Wenn du diese dunklen Energien zum Ausdruck bringst, denke immer daran, durch alle entstehenden Anspannungen zu atmen, ob sie emotionaler oder körperlicher Natur sind. Sorge dafür, dass dein Bauch und deine Brust weich, offen und voller Energie bleiben. Bleib emotional mit deinem Partner verbunden und übe immer, ihn aus deinem Herzen heraus zu spüren. Biete dem tiefen Wesen deines Partners aus der Tiefe deines Seins heraus deine tiefste Liebe an und empfange die Liebe deines Partners, während du auch sexuell mit diesen dunklen Energien spielst.
Im Laufe der Zeit wirst du Folgendes feststellen: Wenn du gelernt hast, offen, liebevoll und voll präsent zu bleiben, während du diese dunklen Energien beim Sex spielerisch zum Ausdruck bringst, wird sich deine Fähigkeit steigern, auf die Fülle deiner Kraft im Laufe des Tages zuzugreifen. Anstatt dich von den dunklen Energien abzuspalten, lernst du, sie anzunehmen, Kraft aus ihnen zu schöpfen und sie zum Wohle aller einzusetzen. Schließlich sind diese dunklen Energien häufig das, was wir gesellschaftlich ablehnen, aber heimlich begehren oder von dem wir fasziniert sind. Warum sollten wir also nicht lernen, sie in Liebe zu handhaben, um sie der Liebe willen zu verstärken?
Indem wir lernen, offen zu bleiben, während wir unsere innerlichen Energien zum Ausdruck bringen, lernen wir auch, offen zu bleiben, wenn die dunkleren Energien des Lebens uns von außen begegnen. Kraftvoll und humorvoll können wir direkt dem Leben entgegentreten, ohne uns vor den gewalttätigen und aggressiven Energien zu verstecken, die so zahlreiche Aspekte unserer jetzigen Welt charakterisieren. Diese dunklen Energien sind nicht wirklich von uns getrennt. Sie sind ein Teil von uns allen. Und wir müssen lernen, inmitten von ihnen Liebe zu geben und zu empfangen – sonst regiert das Dunkle ohne Liebe.

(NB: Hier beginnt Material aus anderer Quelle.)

(* Let $q_1=\dfrac{\rho\varepsilon}{1-\rho(1-\varepsilon)}$ and $q_2=(1-\varepsilon)^{I-1}$, and let $\bar\varepsilon\in(0,1)$ be the unique value of $\varepsilon$ at which $q_1=q_2$. If $0<\varepsilon<\bar\varepsilon$ then for every information tree $\mathcal T$ and every $p$: $C^p_{\mathcal T}(G)=\Omega$ if $p\le q_1$; $C^p_{\mathcal T}(G)=Y^*$ if $q_1<p\le q_2$; $C^p_{\mathcal T}(G)=\varnothing$ if $p>q_2$.
   Context: Model. Fix an integer $I\ge2$, agents $\mathcal I=\{1,\dots,I\}$, a prior $\rho\in(0,1)$ and a loss probability $\varepsilon\in(0,1)$. A state of nature $\theta\in\{g,b\}$ has $\Pr(\theta=g)=\rho$. A forest $F$ on $\mathcal I$ is a collection of vertex-disjoint undirected trees $T^1,\dots,T^R$ whose vertex sets partition $\mathcal I$; a seeding $s=(s^1,\dots,s^R)$ chooses exactly one vertex $s^r$ of each $T^r$. The pair $\mathcal T=(F,s)$ is an information tree: orient each $T^r$ away from $s^r$ and add a root $0$ (the planner) with an arc $0\to s^r$ for each $r$. If $\theta=b$ no messages are sent. If $\theta=g$ the planner sends a message along each arc $0\to s^r$, and every agent who receives a message forwards it along every arc leaving her. Each transmission along an arc is lost independently with probability $\varepsilon$. Agent $i$ observes only $x_i\in\{y,n\}$ (received / not). $\Omega=\{g,b\}\times\{y,n\}^I$, $\mathbb P_{\mathcal T}$ the induced probability. $G=\{\theta=g\}$, $Y_i=\{x_i=y\}$, $N_i=\Omega\setminus Y_i$, $Y^*=\bigcap_iY_i$. $B^p_i(E)=\{\omega:\mathbb P_{\mathcal T}[E\mid x_i=x_i(\omega)]\ge p\}$, $B^p(E)=\bigcap_iB^p_i(E)$, $B^{p,0}(E)=E$, $B^{p,\ell}(E)=B^p(B^{p,\ell-1}(E))$, $C^p_{\mathcal T}(E)=\bigcap_{\ell\ge1}B^{p,\ell}(E)$. For any seed $1$, $\mathbb P_{\mathcal T}[G\mid N_1]=q_1$ and $\mathbb P_{\mathcal T}[Y^*\mid Y_1]=q_2$; $q_1$ is increasing and $q_2$ decreasing in $\varepsilon$. *)

theory Defs
  imports Complex_Main
begin

text \<open>Agents are 1..I, the planner is 0. An information tree (forest + seeding, oriented
away from the seeds, with root 0 attached to every seed) is encoded by its parent map:
par i is the tail of the unique arc entering agent i (par i = 0 iff i is a seed).\<close>

definition is_info_tree :: "nat \<Rightarrow> (nat \<Rightarrow> nat) \<Rightarrow> bool" where
  "is_info_tree I par \<longleftrightarrow> par 0 = 0 \<and>
     (\<forall>i\<in>{1..I}. par i \<in> {0..I} \<and> (\<exists>n. (par ^^ n) i = 0))"

text \<open>States: (theta, x) with theta = True meaning g, x i = True meaning x_i = y.\<close>
definition Omega :: "nat \<Rightarrow> (bool \<times> (nat \<Rightarrow> bool)) set" where
  "Omega I = {(th, x). \<forall>i. i \<notin> {1..I} \<longrightarrow> \<not> x i}"

text \<open>Arc outcomes: a i = True iff the transmission along the arc entering i succeeds.\<close>
definition arcs :: "nat \<Rightarrow> (nat \<Rightarrow> bool) set" where
  "arcs I = {a. \<forall>i. i \<notin> {1..I} \<longrightarrow> \<not> a i}"

definition arc_weight :: "nat \<Rightarrow> real \<Rightarrow> (nat \<Rightarrow> bool) \<Rightarrow> real" where
  "arc_weight I \<epsilon> a = (\<Prod>i\<in>{1..I}. if a i then 1 - \<epsilon> else \<epsilon>)"

definition recv :: "nat \<Rightarrow> (nat \<Rightarrow> nat) \<Rightarrow> (nat \<Rightarrow> bool) \<Rightarrow> nat \<Rightarrow> bool" where
  "recv I par a i \<longleftrightarrow> i \<in> {1..I} \<and> (\<forall>n. (par ^^ n) i \<noteq> 0 \<longrightarrow> a ((par ^^ n) i))"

Wenn unser Herzenswunsch, unseren Partner liebevoll zu verzücken, unbewusst wird und sich von der Liebe abkoppelt, verkommt er zu einer Vergewaltigungsfantasie oder dem Bedürfnis, von der Gewalt gegen das Weibliche „unterhalten“ zu werden. Wenn unser Herzenswunsch, liebevoll von unserem Partner niedergehalten und genommen zu werden, unterdrückt und von der Liebe abgekoppelt wird, wird er zur Selbstsabotage und einem oft unbewussten Verlangen, das Opfer der männlichen Kraft zu werden und dessen Verletzungen zu ertragen.
Wenn wir es uns nicht gestatten, unserem Geliebten liebevoll die Handschellen anzulegen und von ihm die Handschellen angelegt zu bekommen, wie zwei verspielte Tiger, die sich im Bett balgen, dann baut sich im Laufe der Zeit unsere Aggression auf. Wir sind nicht mehr mit unserem Herzen verbunden, unsere Aggression kann zur lieblosen Wut verkommen, als Missbrauch von anderen nach außen getragen (auf die männliche Art) oder als Selbstmissbrauch nach innen ausgedrückt werden (auf die weibliche Art).
Anstatt uns von den Aspekten unserer tiefsten Herzenswünsche abzukoppeln, ist es besser, das gesamte Spektrum der menschlichen Energie anzunehmen und zum Ausdruck zu bringen: das Dunkle und das Licht, und zwar mit großem Respekt und unbändiger Liebe. Wir müssen lernen, kraftvoll als Liebe einzustehen und Liebe aus den Tiefen unseres Seins zu geben und zu empfangen, selbst inmitten von dunklen Energien. Dann finden Missbrauch und Selbstmissbrauch ein Ende. Entfremdete Versionen unseres wahren Verlangens entspannen sich in einem „Willkommensgruß“ der Liebe: Die blinde Aggression entspannt sich als sanfte Leidenschaft, die Opferrolle entspannt sich als furchtlose Liebe und Hingabe; und der Kitzel des Todes entspannt sich als Verehrung des freien Bewusstseins.